Al tempo stesso, c'è il processo di Bratislava, secondo cui l'Europa a 27 deve riuscire a darsi una governance su alcuni temi
nuovi, dove può andare più in là rispetto a un'Europa a 28. Quindi, di sicuro i temi istituzionali saranno sul tavolo. Aprire un
nuovo grande dibattito sulla Costituzione porterebbe probabilmente in questo momento ad arenarsi in questioni che sono
materia dei costituzionalisti, già molto pesanti, complessi all'epoca del Trattato che adotta una Costituzione per l'Europa.
Quello di cui forse c'è più bisogno è di riuscire a dimostrare che nelle politiche su cui ci siamo impegnati, che sia il capitolo
sociale, la politica sull'immigrazione, la politica digitale, le politiche per le nuove forme di energia, riusciamo a fare dei
progressi.

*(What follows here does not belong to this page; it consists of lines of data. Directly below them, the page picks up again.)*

lemma W_Int_baer_nontrivial: "W \<inter> baer i \<noteq> {0}"
proof
  assume "W \<inter> baer i = {0}"
  moreover have "\<forall>x\<in>W. \<forall>y\<in>W. x - y \<in> W"
    using subspace_over_diff[OF is_subfield_Fq subspace_over_Fq_W] by blast
  moreover have "\<forall>x\<in>baer i. \<forall>y\<in>baer i. x - y \<in> baer i"
    using subspace_over_diff[OF is_subfield_Fs subspace_over_Fs_baer] by blast
  ultimately have "card W * card (baer i) \<le> card (UNIV :: 'a set)"
    by (intro card_mult_card_le_if_Int_eq_zero)
  \<comment> \<open>the F_s-dimensions 4 of W and 3 of baer i exceed the dimension 6 of the field\<close>
  then have "s^7 \<le> s^6" using card_W card_baer card_field q_square by (simp flip: power_mult power_add)
  moreover have "s^6 < s^7" using s_ge_2 by (intro power_strict_increasing) auto
  ultimately show False by simp
qed

lemma wcount_baer_cases:
  assumes "i < m"
  shows "wcount q m L i = 1 \<or> wcount q m L i = s + 1"
proof -
  let ?w = "wcount q m L i"
  obtain j where j: "card (W \<inter> baer i) = s ^ j"
    using card_subspace_over[OF is_subfield_Fs subspace_over_Fs_W_Int_baer finite] card_Fs by metis
  have "0 \<in> W \<inter> baer i" using subspace_over_Fs_W_Int_baer unfolding subspace_over_def by blast
  then have w: "(s - 1) * ?w = s ^ j - 1"
    using j card_W_Int_baer[OF assms] by (simp add: card_Diff_singleton)
  have "j \<noteq> 0"
  proof
    assume "j = 0"
    then have "card (W \<inter> baer i) = 1" using j by simp
    then show False using W_Int_baer_nontrivial \<open>0 \<in> W \<inter> baer i\<close> by (metis card_1_singletonE singletonD)
  qed
  moreover have "j < 3"
  proof (rule ccontr)
    assume "\<not> j < 3"
    then have "s^3 \<le> s ^ j" using s_ge_2 by (intro power_increasing) auto
    then have "s^3 - 1 \<le> s ^ j - 1" by (rule diff_le_mono)
    then have "(s - 1) * M \<le> (s - 1) * ?w" unfolding w s_cube_minus_one .
    then have "M \<le> ?w" using s_ge_2 by simp
    moreover have "?w \<le> card L"
      unfolding wcount_def using card_L by (intro card_mono) (auto simp: L_eq_N)
    ultimately show False using card_L s_ge_2 unfolding M_def by simp
  qed
  ultimately have "j = 1 \<or> j = 2" by auto
  then have "(s - 1) * ?w = (s - 1) * 1 \<or> (s - 1) * ?w = (s - 1) * (s + 1)"
    using w q_minus_one q_square by auto
  moreover have "s - 1 \<noteq> 0" using s_ge_2 by simp
  ultimately show ?thesis using mult_left_cancel by blast
qed

lemma sum_wcount_baer: "(\<Sum>i<m. wcount q m L i) = q + 1"
proof -
  have "wcount q 1 L 0 = card L"
    unfolding wcount_def orbit_class_def using L_eq by (intro arg_cong[of _ _ card]) auto
  moreover have "{i. i < m \<and> i mod 1 = 0} = {..<m}" by auto
  ultimately show ?thesis using wcount_eq_sum_wcount[OF m_pos, of 1] card_L by simp
qed

lemma card_rich_baer_classes: "card {i. i < m \<and> wcount q m L i = s + 1} = 1"
proof -
  let ?R = "{i. i < m \<and> wcount q m L i = s + 1}"
  have "(\<Sum>i<m. wcount q m L i) = (\<Sum>i<m. 1 + (if wcount q m L i = s + 1 then s else 0))"
    using wcount_baer_cases by (intro sum.cong) auto
  also have "\<dots> = m + (\<Sum>i<m. if wcount q m L i = s + 1 then s else 0)"
    by (subst sum.distrib) simp
  also have "(\<Sum>i<m. if wcount q m L i = s + 1 then s else 0) = (\<Sum>i\<in>?R. s)"
    by (subst sum.inter_filter[symmetric]) (auto intro: sum.cong)
  finally have "q + 1 = m + s * card ?R" using sum_wcount_baer by simp
  then have "s * card ?R = s * 1" using m_plus_s by linarith
  then show ?thesis using s_ge_2 by auto
qed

La gente vuole vedere questo, anche con piccoli passi. Un esempio molto concreto è anche alla guardia costiera
europea, realizzata in tempi record, dove l'Europa può fare la differenza. Riaprire il cantiere costituzionale, quindi, in questa
fase potrebbe paralizzare tutti questi passi in avanti. Al tempo stesso, il sessantenario che si festeggerà a breve sarà da
stimolo per trovare nuove ragioni per cui portare avanti la costruzione dell'Europa e approfondirne l'Unione.